Raziuddin Aquil states that "non-Muslims were often condemned as kafirs, in medieval Indian Islamic literature, including court chronicles, Sufi texts and literary compositions" and fatwas were issued that justified persecution of the non-Muslims.
Another interesting piece of history associated with the word kaffir is of African slave-trade.
The Islamic law - Sharia - allowed slavery but prohibited enslaving pre-existing Muslims. Therefore, the main target for slavery became the people who lived in the frontier areas of the Muslim world.
Bernard Lewis notes that "polytheists and idolaters were seen primarily as sources of slaves, to be imported into the Islamic world and moulded in Islamic ways, and, since they possessed no religion of their own worth the mention, as natural recruits for Islam."
By the modern period, slaves came mostly from Africa.
The Muslim slave traders used the term kafir for native non-Muslim Africans, who were captured and sold to Europeans. The Europeans adopted the same word to refer to the Blacks, and the word acquired a racial aspect.

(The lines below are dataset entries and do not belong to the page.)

lemma dvd_if_prime_power_dvd:
  fixes x y :: "'a :: factorial_semiring"
  assumes "x \<noteq> 0" and prime_power_dvd: "\<And>p k. prime p \<Longrightarrow> p ^ k dvd x \<Longrightarrow> p ^ k dvd y"
  shows "x dvd y"
proof (cases "y = 0")
  case False
  show ?thesis
  proof (rule multiplicity_le_imp_dvd[OF \<open>x \<noteq> 0\<close>])
    fix p :: 'a assume "prime p"
    then have "p ^ multiplicity p x dvd y"
      by (intro prime_power_dvd multiplicity_dvd)
    then show "multiplicity p x \<le> multiplicity p y"
      using power_dvd_iff_le_multiplicity[OF False] \<open>prime p\<close> not_prime_unit by blast
  qed
qed simp

lemma M_iff_prime_power_conditions:
  fixes n N E :: nat
  assumes "n dvd N" "0 < N" and exponent_bound: "\<And>q. q \<in> prime_factors N \<Longrightarrow> \<not> q ^ Suc E dvd N"
  shows "n \<in> M a \<longleftrightarrow> (\<forall>q\<in>prime_factors N. \<forall>e\<in>{1..E}. prime_power_condition a n q e)"
proof
  assume "n \<in> M a"
  then show "\<forall>q\<in>prime_factors N. \<forall>e\<in>{1..E}. prime_power_condition a n q e"
    by (auto intro: M_imp_prime_power_condition)
next
  assume conditions: "\<forall>q\<in>prime_factors N. \<forall>e\<in>{1..E}. prime_power_condition a n q e"
  have "0 < n" using assms(1,2) by (auto intro: Nat.gr0I)
  have "n dvd nat \<bar>S n n - a\<bar>"
  proof (rule dvd_if_prime_power_dvd)
    show "n \<noteq> 0" using \<open>0 < n\<close> by simp
    fix q k :: nat assume "prime q" and qk: "q ^ k dvd n"
    show "q ^ k dvd nat \<bar>S n n - a\<bar>"
    proof (cases "k = 0")
      case False
      have "q ^ k dvd N" using qk assms(1) by (rule dvd_trans)
      then have "q \<in> prime_factors N"
        using \<open>prime q\<close> False assms(2) by (auto simp: in_prime_factors_iff intro: dvd_trans[OF dvd_power])
      moreover have "k \<le> E"
      proof (rule ccontr)
        assume "\<not> k \<le> E"
        then have "q ^ Suc E dvd N"
          using \<open>q ^ k dvd N\<close> by (meson dvd_trans le_imp_power_dvd not_less_eq_eq)
        then show False using exponent_bound \<open>q \<in> prime_factors N\<close> by blast
      qed
      ultimately have "prime_power_condition a n q k"
        using conditions False by auto
      then have "int (q ^ k) dvd S n n - a"
        using prime_power_dvd_S_self_diff_iff[OF \<open>prime q\<close> _ qk \<open>0 < n\<close>] False qk
        by (simp add: prime_power_condition_def)
      then show ?thesis by simp
    qed simp
  qed
  then show "n \<in> M a" using \<open>0 < n\<close> by (simp add: M_iff_dvd)
qed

The word "kafir" came to be used for all dark-skinned South African tribes, and is currently regarded as a racial slur offensive to Blacks in South Africa.
Yesterday, another video clip was released where the anti-CAA protesters were singing a Faiz poem with the line “All idols will be removed.. only Allah’s name will remain”. IIT Kanpur and Jamia Milia Islamia both witnessed the singing of the above poem.
The controversy on the Faiz poem rages on. While one group of the people assert that it is a poem sung by Iqbal Bano to protest against military dictatorship in Pakistan, others argue that it is causal bigotry in the garb of such ‘resistance poetry’ which normalises the Hindu hatred.